By Amanda Kim Stairrett

Fort Hood Herald

There were times Lt. Col. Tim Karcher could've and should've died, he said.

"But they kept me going," he said Friday of his family.

Karcher was commander of the 1st Cavalry Division's 2nd Battalion, 5th Cavalry Regiment, June 29 when his vehicle was struck by roadside bomb containing explosively-formed projectiles. He lost his legs in the attack and battled for his life in Army hospitals between Iraq and the United States.

Through it all he thought about his wife and daughters and coming home to them. He said that's what kept him going.

The Karchers and other Fort Hood families were honored Friday at the post's Army Family Covenant reaffirmation ceremony.

Fort Hood officials signed the first Army Family Covenant Nov. 1, 2007, which pledged support to soldiers' families. It read that the Army recognized "the strength of our soldiers comes from the strength of their families" and that the Army is committed to "providing soldiers and families a quality of life that is commensurate with their service."

The covenant committed to improving family readiness by standardizing and funding programs and services and increasing health care services, improving housing and expanding educational opportunities for family members. Officials promised to develop a plan to determine the success of current programs, said Col. Bill Hill, garrison commander. If gaps or lags were found, they would be fixed, he added.

Hill was joined by Command Sgt. Maj. Donald Felt, garrison senior noncommissioned officer; Lt. Gen. Robert Cone, III Corps and Fort Hood commander; and Command Sgt. Maj. Arthur Coleman, for Friday's signing at Club Hood. Karcher and his wife, Alesia, accompanied them, along with a group of others representing soldiers and Army spouses, children, retirees and volunteers.

The ceremony also included performances by Master Sgt. Natasha Hartley and fourth- and fifth-graders from Meadows Elementary School.

Officials have focused on the gaps in the last two years, Hill said. They've learned that support a family's first deployment is not like supporting the third because new needs emerge, he said. Programs must continue to grow and evolve.

Never before has the Army asked so much of its families, Cone said, adding they serve beside their soldiers and endure their hardships to provide the unconditional love and support that makes the Army strong.

"This is all about putting family first," he said of the covenant.

The general went on to outline improvements made to programs and services in the last two years, among them:

Fee reduction or elimination in seven programs that support soldiers and their families;

Multiple free childcare programs that provided more than 30,400 hours of care to more than 10,700 children, saving parents more than $121,000 in 2009;

Spending $9 million on housing improvements;

Constructing 216 new officer housing units and 16 command sergeant major housing units;

Securing funding for construction and renovation of thousands of barracks spaces; and

Launching initiatives like the Military Spouse Advancement Account Program to help spouses with up to $6,000 in financial aid.

Though significant progress has been made, there is more work to be done, Cone said. Challenges include continued support for deployed troops, support for the Warrior in Transition program, services to Gold Star families, the burden on family readiness group leaders, preparing for future deployments and returns and resetting the forces and families.

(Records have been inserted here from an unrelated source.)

text \<open>An RKHS over the (non-empty) index type 'x is modelled as a real Hilbert space 'h
  together with the kernel sections phi x = kappa(.,x) in 'h; an element f is identified
  with the function (\<lambda>x. f \<bullet> phi x) (reproducing property), and this identification must
  be injective, i.e. the elements of 'h really are functions on 'x.\<close>

definition rkhs :: "('x \<Rightarrow> 'h::{real_inner,complete_space}) \<Rightarrow> bool" where
  "rkhs phi \<longleftrightarrow> (\<forall>f g. (\<forall>x. f \<bullet> phi x = g \<bullet> phi x) \<longrightarrow> f = g)"

definition kernel :: "('x \<Rightarrow> 'h::real_inner) \<Rightarrow> 'x \<Rightarrow> 'x \<Rightarrow> real" where
  "kernel phi x y = phi y \<bullet> phi x"

definition separable_space :: "'h::metric_space itself \<Rightarrow> bool" where
  "separable_space _ \<longleftrightarrow> (\<exists>D::'h set. countable D \<and> closure D = UNIV)"

definition sampling_seq ::
  "('x \<Rightarrow> 'h::real_inner) \<Rightarrow> nat set \<Rightarrow> (nat \<Rightarrow> 'x) \<Rightarrow> bool" where
  "sampling_seq phi \<Lambda> xs \<longleftrightarrow> (\<exists>C\<ge>1. \<forall>f::'h.
      (\<lambda>l. (f \<bullet> phi (xs l))\<^sup>2) summable_on \<Lambda> \<and>
      norm f / C \<le> sqrt (\<Sum>\<^sub>\<infinity>l\<in>\<Lambda>. (f \<bullet> phi (xs l))\<^sup>2) \<and>
      sqrt (\<Sum>\<^sub>\<infinity>l\<in>\<Lambda>. (f \<bullet> phi (xs l))\<^sup>2) \<le> C * norm f)"

definition interpolating_seq ::
  "('x \<Rightarrow> 'h::real_inner) \<Rightarrow> nat set \<Rightarrow> (nat \<Rightarrow> 'x) \<Rightarrow> bool" where
  "interpolating_seq phi \<Lambda> xs \<longleftrightarrow> (\<forall>v::nat \<Rightarrow> real.
      (\<lambda>l. (v l)\<^sup>2) summable_on \<Lambda> \<longrightarrow> (\<exists>f::'h. \<forall>l\<in>\<Lambda>. f \<bullet> phi (xs l) = v l))"

definition complete_interpolating_sampling ::
  "('x \<Rightarrow> 'h::real_inner) \<Rightarrow> nat set \<Rightarrow> (nat \<Rightarrow> 'x) \<Rightarrow> bool" where
  "complete_interpolating_sampling phi \<Lambda> xs \<longleftrightarrow>
     sampling_seq phi \<Lambda> xs \<and> interpolating_seq phi \<Lambda> xs"

text \<open>Vectors of R^d are represented as nat \<Rightarrow> real, only the
  first d coordinates being meaningful (others are set to 0). The widths are
  ds = [d_0, d_1, ..., d_{L-1}] with d_0 = S; hidden layer l (l < L-1) is
  ReLU o A_l with A_l : R^{d_l} \<rightarrow> R^{d_(l+1)}, A_l v = W l v + b l; the output layer is
  an affine map R^{d_(L-1)} \<rightarrow> R^K = real^'k.\<close>

definition relu :: "real \<Rightarrow> real" where
  "relu t = max t 0"

definition hidden_layer ::
  "nat \<Rightarrow> nat \<Rightarrow> (nat \<Rightarrow> nat \<Rightarrow> real) \<Rightarrow> (nat \<Rightarrow> real) \<Rightarrow> (nat \<Rightarrow> real) \<Rightarrow> (nat \<Rightarrow> real)" where
  "hidden_layer din dout W b v =
     (\<lambda>i. if i < dout then relu ((\<Sum>j<din. W i j * v j) + b i) else 0)"

definition hidden_layers ::
  "nat list \<Rightarrow> (nat \<Rightarrow> nat \<Rightarrow> nat \<Rightarrow> real) \<Rightarrow> (nat \<Rightarrow> nat \<Rightarrow> real) \<Rightarrow> (nat \<Rightarrow> real) \<Rightarrow> (nat \<Rightarrow> real)" where
  "hidden_layers ds Ws bs v0 =
     foldl (\<lambda>u l. hidden_layer (ds ! l) (ds ! Suc l) (Ws l) (bs l) u) v0 [0..<length ds - 1]"

definition output_layer ::
  "nat \<Rightarrow> ('k::finite \<Rightarrow> nat \<Rightarrow> real) \<Rightarrow> real^'k \<Rightarrow> (nat \<Rightarrow> real) \<Rightarrow> real^'k" where
  "output_layer d Wout bout v = (\<chi> k. (\<Sum>j<d. Wout k j * v j) + bout $ k)"

definition SNO :: "('x \<Rightarrow> 'h::real_inner) \<Rightarrow> ('h \<Rightarrow> real^'k::finite) \<Rightarrow> bool" where
  "SNO phi F \<longleftrightarrow> (\<exists>S (pts::nat \<Rightarrow> 'x) (ds::nat list) Ws bs Wout bout.
      S > 0 \<and> ds \<noteq> [] \<and> hd ds = S \<and>
      (\<forall>f. F f = output_layer (last ds) Wout bout
                   (hidden_layers ds Ws bs (\<lambda>s. if s < S then f \<bullet> phi (pts s) else 0))))"

end

theory Submission
  imports Defs
begin

(* The lattice generated by the affine functions f \<mapsto> a + c (f \<bullet> phi x) has the two-point
   interpolation property, because an element f of an RKHS is determined by its values
   f \<bullet> phi x; by the Kakutani-Krein form of the Stone-Weierstrass theorem it is therefore
   uniformly dense on every compact set. Each lattice element is computed by a ReLU network
   reading finitely many samples: since max s t = t + relu (s - t), min s t = s - relu (s - t)
   and t = relu t - relu (-t), one extra hidden layer adds a max and a min of two readouts while
   passing all previous readouts through. Only the injectivity of f \<mapsto> (f \<bullet> phi x)\<^sub>x is
   used. *)

lemma compact_finite_witnesses:
  fixes u :: "'a::topological_space \<Rightarrow> 'a \<Rightarrow> real"
  assumes "compact C"
    and "\<And>y. y \<in> C \<Longrightarrow> continuous_on C (u y)"
    and "\<And>y. y \<in> C \<Longrightarrow> u y y < 0"
  shows "\<exists>Y\<subseteq>C. finite Y \<and> (\<forall>z\<in>C. \<exists>y\<in>Y. u y z < 0)"
proof -
  have "\<exists>U. open U \<and> U \<inter> C = u y -` {..<0} \<inter> C" if "y \<in> C" for y
    using assms(2)[OF that] by (meson continuous_on_open_invariant open_lessThan)
  then have "\<forall>y\<in>C. \<exists>U. open U \<and> U \<inter> C = u y -` {..<0} \<inter> C"
    by blast
  from bchoice[OF this] obtain U
    where open_U: "\<And>y. y \<in> C \<Longrightarrow> open (U y)"
      and U: "\<And>y. y \<in> C \<Longrightarrow> U y \<inter> C = u y -` {..<0} \<inter> C"
    by blast
  have cover: "C \<subseteq> (\<Union>y\<in>C. U y)"
  proof
    fix y
    assume "y \<in> C"
    then have "y \<in> U y \<inter> C"
      using U assms(3) by simp
    then show "y \<in> (\<Union>y\<in>C. U y)"
      using \<open>y \<in> C\<close> by blast
  qed
  obtain Y where Y: "Y \<subseteq> C" "finite Y" "C \<subseteq> (\<Union>y\<in>Y. U y)"
    by (rule compactE_image[OF \<open>compact C\<close> open_U cover])
  have "\<exists>y\<in>Y. u y z < 0" if "z \<in> C" for z
  proof -
    obtain y where "y \<in> Y" "z \<in> U y"
      using Y(3) \<open>z \<in> C\<close> by blast
    then have "z \<in> u y -` {..<0} \<inter> C"
      using U[of y] Y(1) \<open>z \<in> C\<close> by blast
    then show ?thesis
      using \<open>y \<in> Y\<close> by auto
  qed
  then show ?thesis
    using Y(1,2) by blast
qed

lemma pointwise_Min_mem:
  assumes min_closed: "\<And>h1 h2. h1 \<in> L \<Longrightarrow> h2 \<in> L \<Longrightarrow> (\<lambda>z. min (h1 z) (h2 z)) \<in> L"
    and "finite I" "I \<noteq> {}" "h ` I \<subseteq> L"
  shows "(\<lambda>z. Min ((\<lambda>i. h i z) ` I)) \<in> L"
  using assms(2-4)
proof (induction I rule: finite_ne_induct)
  case (insert i I)
  then show ?case
    using min_closed[of "h i" "\<lambda>z. Min ((\<lambda>i. h i z) ` I)"] by simp
qed simp

lemma pointwise_Max_mem:
  assumes max_closed: "\<And>h1 h2. h1 \<in> L \<Longrightarrow> h2 \<in> L \<Longrightarrow> (\<lambda>z. max (h1 z) (h2 z)) \<in> L"
    and "finite I" "I \<noteq> {}" "h ` I \<subseteq> L"
  shows "(\<lambda>z. Max ((\<lambda>i. h i z) ` I)) \<in> L"
  using assms(2-4)
proof (induction I rule: finite_ne_induct)
  case (insert i I)
  then show ?case
    using max_closed[of "h i" "\<lambda>z. Max ((\<lambda>i. h i z) ` I)"] by simp
qed simp

lemma lattice_approx_from_above_at:
  fixes L :: "('a::topological_space \<Rightarrow> real) set"
  assumes min_closed: "\<And>h1 h2. h1 \<in> L \<Longrightarrow> h2 \<in> L \<Longrightarrow> (\<lambda>z. min (h1 z) (h2 z)) \<in> L"
    and cont: "\<And>h. h \<in> L \<Longrightarrow> continuous_on C h"
    and "compact C" "continuous_on C g" "e > 0" "x \<in> C"
    and interp: "\<And>y. y \<in> C \<Longrightarrow> \<exists>h\<in>L. h x = g x \<and> h y = g y"
  shows "\<exists>h\<in>L. h x = g x \<and> (\<forall>z\<in>C. h z < g z + e)"
proof -
  have "\<forall>y\<in>C. \<exists>h. h \<in> L \<and> h x = g x \<and> h y = g y"
    using interp by blast
  from bchoice[OF this] obtain hh where "\<forall>y\<in>C. hh y \<in> L \<and> hh y x = g x \<and> hh y y = g y"
    by blast
  then have hh_L: "\<And>y. y \<in> C \<Longrightarrow> hh y \<in> L"
    and hh_x: "\<And>y. y \<in> C \<Longrightarrow> hh y x = g x"
    and hh_y: "\<And>y. y \<in> C \<Longrightarrow> hh y y = g y"
    by blast+
  have "\<exists>Y\<subseteq>C. finite Y \<and> (\<forall>z\<in>C. \<exists>y\<in>Y. hh y z - g z - e < 0)"
  proof (rule compact_finite_witnesses[OF \<open>compact C\<close>])
    show "continuous_on C (\<lambda>z. hh y z - g z - e)" if "y \<in> C" for y
      using cont[OF hh_L[OF that]] \<open>continuous_on C g\<close> by (intro continuous_intros)
  qed (simp add: hh_y \<open>e > 0\<close>)
  then obtain Y where Y: "Y \<subseteq> C" "finite Y" "\<forall>z\<in>C. \<exists>y\<in>Y. hh y z - g z - e < 0"
    by blast
  have "Y \<noteq> {}"
    using Y(3) \<open>x \<in> C\<close> by blast
  define h where "h z = Min ((\<lambda>y. hh y z) ` Y)" for z
  have "hh ` Y \<subseteq> L"
    using Y(1) hh_L by blast
  with min_closed Y(2) \<open>Y \<noteq> {}\<close> have "h \<in> L"
    unfolding h_def by (rule pointwise_Min_mem)
  moreover have "h x = g x"
  proof -
    have "(\<lambda>y. hh y x) ` Y = (\<lambda>_. g x) ` Y"
      using Y(1) hh_x by (intro image_cong) auto
    then show ?thesis
      using \<open>Y \<noteq> {}\<close> by (simp add: h_def image_constant_conv)
  qed
  moreover have "h z < g z + e" if "z \<in> C" for z
  proof -
    obtain y where "y \<in> Y" "hh y z - g z - e < 0"
      using Y(3) \<open>z \<in> C\<close> by blast
    moreover have "h z \<le> hh y z"
      unfolding h_def using Y(2) \<open>y \<in> Y\<close> by simp
    ultimately show ?thesis
      by linarith
  qed
  ultimately show ?thesis
    by blast
qed
(* For every integer $g\ge 1$ there exist polynomials $E_g,F_g\in\mathbb{C}[x]$ (with coefficients depending on $T$) such that $$w_{2,0}^{(g)}(x)=\frac{E_g(x)}{y(x)^{3g+3}}+\frac{F_g(x)}{y(x)^{3g+4}},$$ where $\deg E_g\le g+1$, $\deg F_g\le g+2$, $E_g(-x)=(-1)^{g+1}E_g(x)$, $F_g(-x)=(-1)^{g}F_g(x)$, and the coefficient of $x^{g+1}$ in $E_g$ is the negative of the coefficient of $x^{g+2}$ in $F_g$.
   Context: Fix $T>0$. Let $y(x)=\sqrt{x^2-4T}$ denote the branch analytic on $\mathbb{C}\setminus[-2\sqrt T,2\sqrt T]$ with $y(x)\sim x$ as $x\to\infty$; write $y_i=y(x_i)$. Let $\hbar$ be a parameter (in the application $\hbar=\sqrt{\kappa}-1/\sqrt{\kappa}$, where $\beta=2\kappa$ is the Dyson index of the Gaussian $\beta$-ensemble $\prod_{i<j}|\lambda_i-\lambda_j|^{2\kappa}e^{-\frac{N\kappa}{T}\sum_i\lambda_i^2/2}$). The functions $W_n^{(g)}(x_1,\dots,x_n)$, $n\ge1$, $g\ge0$ (the coefficients of the large-$N$ expansion of the connected correlators of that ensemble), are the symmetric functions determined recursively as follows: $W_1^{(0)}(x)=\tfrac12(x-y(x))$; by convention $W_n^{(-1)}=W_n^{(-2)}=0$; and for every $(n,g)$ with $n\ge1$, $g\ge0$, $(n,g)\neq(1,0)$, writing $I=(x_1,\dots,x_{n-1})$, $$y(x)W_n^{(g)}(x,I)=\hbar\,\partial_xW_n^{(g-1)}(x,I)+W_{n+1}^{(g-2)}(x,x,I)+{\sum_{J\subseteq I}}'\sum_{p=0}^{g}W_{|J|+1}^{(p)}(x,J)\,W_{n-|J|}^{(g-p)}(x,I\setminus J)+\sum_{i=1}^{n-1}\frac{\partial}{\partial x_i}\frac{W_{n-1}^{(g)}(x,I\setminus\{x_i\})-W_{n-1}^{(g)}(I)}{x-x_i},$$ where the primed double sum omits the two terms $(J=\emptyset,p=0)$ and $(J=I,p=g)$, and for $n=1$ the last sum is empty. These functions are rational in the $x_i$ and $y_i$, regular on the diagonals, and each $W_n^{(g)}$ is a polynomial in $\hbar$ of degree at most $g$ containing only powers $\hbar^j$ with $j\equiv g \pmod 2$. For $k\ge1$, $g\ge0$ and $0\le r\le g/2$, $w_{k,2r}^{(g)}(x)$ denotes the coefficient of $\hbar^{g-2r}$ in $W_k^{(g)}(x,\dots,x)$ (all $k$ arguments equal to $x$). Thus $w_{2,0}^{(g)}(x)$ is the coefficient of $\hbar^g$ in $W_2^{(g)}(x,x)$. *)

theory Defs
  imports "HOL-Analysis.Analysis" "HOL-Computational_Algebra.Polynomial"
begin

definition cutdom :: "real \<Rightarrow> complex set" where
  "cutdom T = - (complex_of_real ` {-2 * sqrt T .. 2 * sqrt T})"

text \<open>The branch of sqrt(x^2 - 4T) analytic off the cut with y(x) ~ x at infinity.\<close>
definition ybr :: "real \<Rightarrow> complex \<Rightarrow> complex" where
  "ybr T x = x * csqrt (1 - 4 * complex_of_real T / x\<^sup>2)"

text \<open>Right-hand side of the loop equation.  W h g xs stands for W_n^{(g)}(xs)
  at parameter value hbar = h, where n = length xs.  Sub-lists J of I are encoded
  by their sets of positions S.\<close>
definition loop_rhs ::
  "(complex \<Rightarrow> nat \<Rightarrow> complex list \<Rightarrow> complex) \<Rightarrow> complex \<Rightarrow> nat \<Rightarrow> complex \<Rightarrow> complex list \<Rightarrow> complex" where
  "loop_rhs W h g x I =
     (if 1 \<le> g then h * deriv (\<lambda>t. W h (g - 1) (t # I)) x else 0)
   + (if 2 \<le> g then W h (g - 2) (x # x # I) else 0)
   + (\<Sum>S\<in>Pow {..<length I}. \<Sum>p\<le>g.
        if (S = {} \<and> p = 0) \<or> (S = {..<length I} \<and> p = g) then 0
        else W h p (x # nths I S) * W h (g - p) (x # nths I ({..<length I} - S)))
   + (\<Sum>i<length I. deriv (\<lambda>t. (W h g (x # nths I (- {i})) - W h g (I[i := t])) / (x - t)) (I ! i))"

text \<open>W is the family of connected-correlator coefficients: initial condition,
  holomorphic (regular, including on diagonals) in each variable on the cut plane,
  and satisfying the loop equations (off the diagonals x = x_i).\<close>
definition is_corr_family :: "real \<Rightarrow> (complex \<Rightarrow> nat \<Rightarrow> complex list \<Rightarrow> complex) \<Rightarrow> bool" where
  "is_corr_family T W \<longleftrightarrow>
     (\<forall>h. \<forall>x\<in>cutdom T. W h 0 [x] = (x - ybr T x) / 2)
   \<and> (\<forall>h g xs i. set xs \<subseteq> cutdom T \<and> i < length xs \<longrightarrow>
        (\<lambda>t. W h g (xs[i := t])) holomorphic_on cutdom T)
   \<and> (\<forall>h g x I. (length I, g) \<noteq> (0, 0) \<and> x \<in> cutdom T \<and> set I \<subseteq> cutdom T \<and> x \<notin> set I \<longrightarrow>
        ybr T x * W h g (x # I) = loop_rhs W h g x I)"

definition hcoeff :: "(complex \<Rightarrow> complex) \<Rightarrow> nat \<Rightarrow> complex" where
  "hcoeff f k = coeff (THE p. \<forall>h. f h = poly p h) k"

definition w20 :: "(complex \<Rightarrow> nat \<Rightarrow> complex list \<Rightarrow> complex) \<Rightarrow> nat \<Rightarrow> complex \<Rightarrow> complex" where
  "w20 W g x = hcoeff (\<lambda>h. W h g [x, x]) g"

end

theory Submission
  imports Defs "HOL-Complex_Analysis.Complex_Analysis"
begin

(* Structure of the proof.
   1. For fixed arguments, W_n^(g) is a polynomial of degree at most g in the parameter h.
      This is proved by induction on 2g + n from the loop equation; Lagrange interpolation in h
      lets h-coefficients commute with derivatives in the x_i and extends the claim across the
      diagonals by continuity.
   2. Taking the coefficient of h^g in the loop equations for n = 1 and n = 2 yields closed
      recursions for the top coefficients top1 g x and top2 g a b: the terms W^(g-2) drop out
      for degree reasons.  Expanding a |-> top2 g a b in Taylor coefficients C_{g,m}(b) at a = b
      gives a recursion for C_{g,m} in terms of C_{g',m'} with (g', m') lexicographically smaller;
      C_{g,0}(x) is w_{2,0}^(g)(x).
   3. The functions (E y + F) / y^K with deg E <= D - 1, deg F <= D, prescribed parities and
      prescribed value L of coeff E (D - 1) + coeff F D form a class closed under sums, products,
      derivatives and division by y.  A double induction on (g, m) puts C_{g,m} into this class
      with K = 3g + 2m + 4, D = g + m + 2 and L = 0, which for m = 0 is the theorem. *)

section \<open>Polynomials in the parameter\<close>

definition hpoly :: "nat \<Rightarrow> (complex \<Rightarrow> complex) \<Rightarrow> bool" where
  "hpoly d f \<longleftrightarrow> (\<exists>p. degree p \<le> d \<and> f = poly p)"

text \<open>Coefficient extraction is well defined: a polynomial function over the
  infinite field of complex numbers determines its coefficients.\<close>
lemma hcoeff_poly: "f = poly p \<Longrightarrow> hcoeff f k = coeff p k"
proof -
  assume f: "f = poly p"
  have "(THE q. \<forall>h. f h = poly q h) = p"
    by (rule the_equality) (auto simp: f poly_eq_poly_eq_iff[symmetric] fun_eq_iff)
  thus ?thesis by (simp add: hcoeff_def)
qed

lemma hpoly_const: "hpoly d (\<lambda>h. c)"
  unfolding hpoly_def by (rule exI[of _ "[:c:]"]) auto

lemma hpoly_mono: "hpoly d f \<Longrightarrow> d \<le> e \<Longrightarrow> hpoly e f"
  unfolding hpoly_def by (metis order.trans)

lemma hpoly_add: "hpoly d f \<Longrightarrow> hpoly d g \<Longrightarrow> hpoly d (\<lambda>h. f h + g h)"
  unfolding hpoly_def apply clarify
  subgoal for p q by (rule exI[of _ "p+q"]) (auto intro: order.trans[OF degree_add_le_max])
  done

lemma hpoly_diff: "hpoly d f \<Longrightarrow> hpoly d g \<Longrightarrow> hpoly d (\<lambda>h. f h - g h)"
  unfolding hpoly_def apply clarify
  subgoal for p q by (rule exI[of _ "p-q"]) (auto intro: order.trans[OF degree_diff_le_max])
  done

lemma hpoly_cmult: "hpoly d f \<Longrightarrow> hpoly d (\<lambda>h. c * f h)"
  unfolding hpoly_def apply clarify
  subgoal for p by (rule exI[of _ "smult c p"]) auto
  done

lemma hpoly_multc: "hpoly d f \<Longrightarrow> hpoly d (\<lambda>h. f h * c)"
  using hpoly_cmult[of d f c] by (simp add: mult.commute)

lemma hpoly_divc: "hpoly d f \<Longrightarrow> hpoly d (\<lambda>h. f h / c)"
  using hpoly_multc[of d f "inverse c"] by (simp add: divide_inverse)

lemma hpoly_mult: "hpoly d f \<Longrightarrow> hpoly e g \<Longrightarrow> hpoly (d + e) (\<lambda>h. f h * g h)"
  unfolding hpoly_def apply clarify
  subgoal for p q using degree_mult_le[of p q] by (intro exI[of _ "p*q"]) auto
  done

lemma hpoly_h: "hpoly d f \<Longrightarrow> hpoly (Suc d) (\<lambda>h. h * f h)"
  unfolding hpoly_def apply clarify
  subgoal for p using degree_mult_le[of "[:0,1:]" p] by (intro exI[of _ "[:0,1:]*p"]) auto
  done

lemma hpoly_sum: "finite A \<Longrightarrow> (\<And>a. a \<in> A \<Longrightarrow> hpoly d (f a)) \<Longrightarrow> hpoly d (\<lambda>h. \<Sum>a\<in>A. f a h)"
proof (induction A rule: finite_induct)
  case empty thus ?case using hpoly_const[of d 0] by simp
next
  case (insert a A)
  have "hpoly d (\<lambda>h. f a h + (\<Sum>a\<in>A. f a h))"
    by (rule hpoly_add) (use insert in auto)
  thus ?case using insert by simp
qed

lemma hpoly_if: "(P \<Longrightarrow> hpoly d f) \<Longrightarrow> (\<not>P \<Longrightarrow> hpoly d g) \<Longrightarrow> hpoly d (\<lambda>h. if P then f h else g h)"
  by (cases P) auto

lemma hpoly_obtain_poly: "hpoly d f \<Longrightarrow> \<exists>p. degree p \<le> d \<and> f = poly p \<and> (\<forall>k. hcoeff f k = coeff p k)"
  unfolding hpoly_def using hcoeff_poly by blast

lemma hcoeff_add: "hpoly d f \<Longrightarrow> hpoly e g \<Longrightarrow> hcoeff (\<lambda>h. f h + g h) k = hcoeff f k + hcoeff g k"
proof -
  assume "hpoly d f" "hpoly e g"
  then obtain p q where pq: "f = poly p" "g = poly q" unfolding hpoly_def by blast
  have "(\<lambda>h. f h + g h) = poly (p + q)" by (auto simp: pq fun_eq_iff)
  thus ?thesis using hcoeff_poly pq by simp
qed

lemma hcoeff_diff: "hpoly d f \<Longrightarrow> hpoly e g \<Longrightarrow> hcoeff (\<lambda>h. f h - g h) k = hcoeff f k - hcoeff g k"
proof -
  assume "hpoly d f" "hpoly e g"
  then obtain p q where pq: "f = poly p" "g = poly q" unfolding hpoly_def by blast
  have "(\<lambda>h. f h - g h) = poly (p - q)" by (auto simp: pq fun_eq_iff)
  thus ?thesis using hcoeff_poly pq by simp
qed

The Army has taken greats steps to highlight the importance of families in the last five to 10 years, Tim Karcher said. Family is what keeps us steady and grounded, he added.

Alesia Karcher said her family is a product of what the Army is doing to take care of its own. Her husband said he has received great support from the division and post following the June blast that changed he and his family's lives.

"It's humbling how much people in the community cares," Tim said.

He splits his time between Fort Hood and Brooke Army Medical Center in San Antonio. The time apart from his troopers has been difficult, Tim said, and not being there with them is one of the most terrible feelings.

"I feel like I'm letting them down," he said.

The men and women of 2nd Battalion, 5th Cavalry will start returning to Fort Hood in January and their former commander will be there to welcome them back.

"Oh yeah, I can't wait," Tim said.

Contact Amanda Kim Stairrett at astair@kdhnews.com or (254) 501-7547.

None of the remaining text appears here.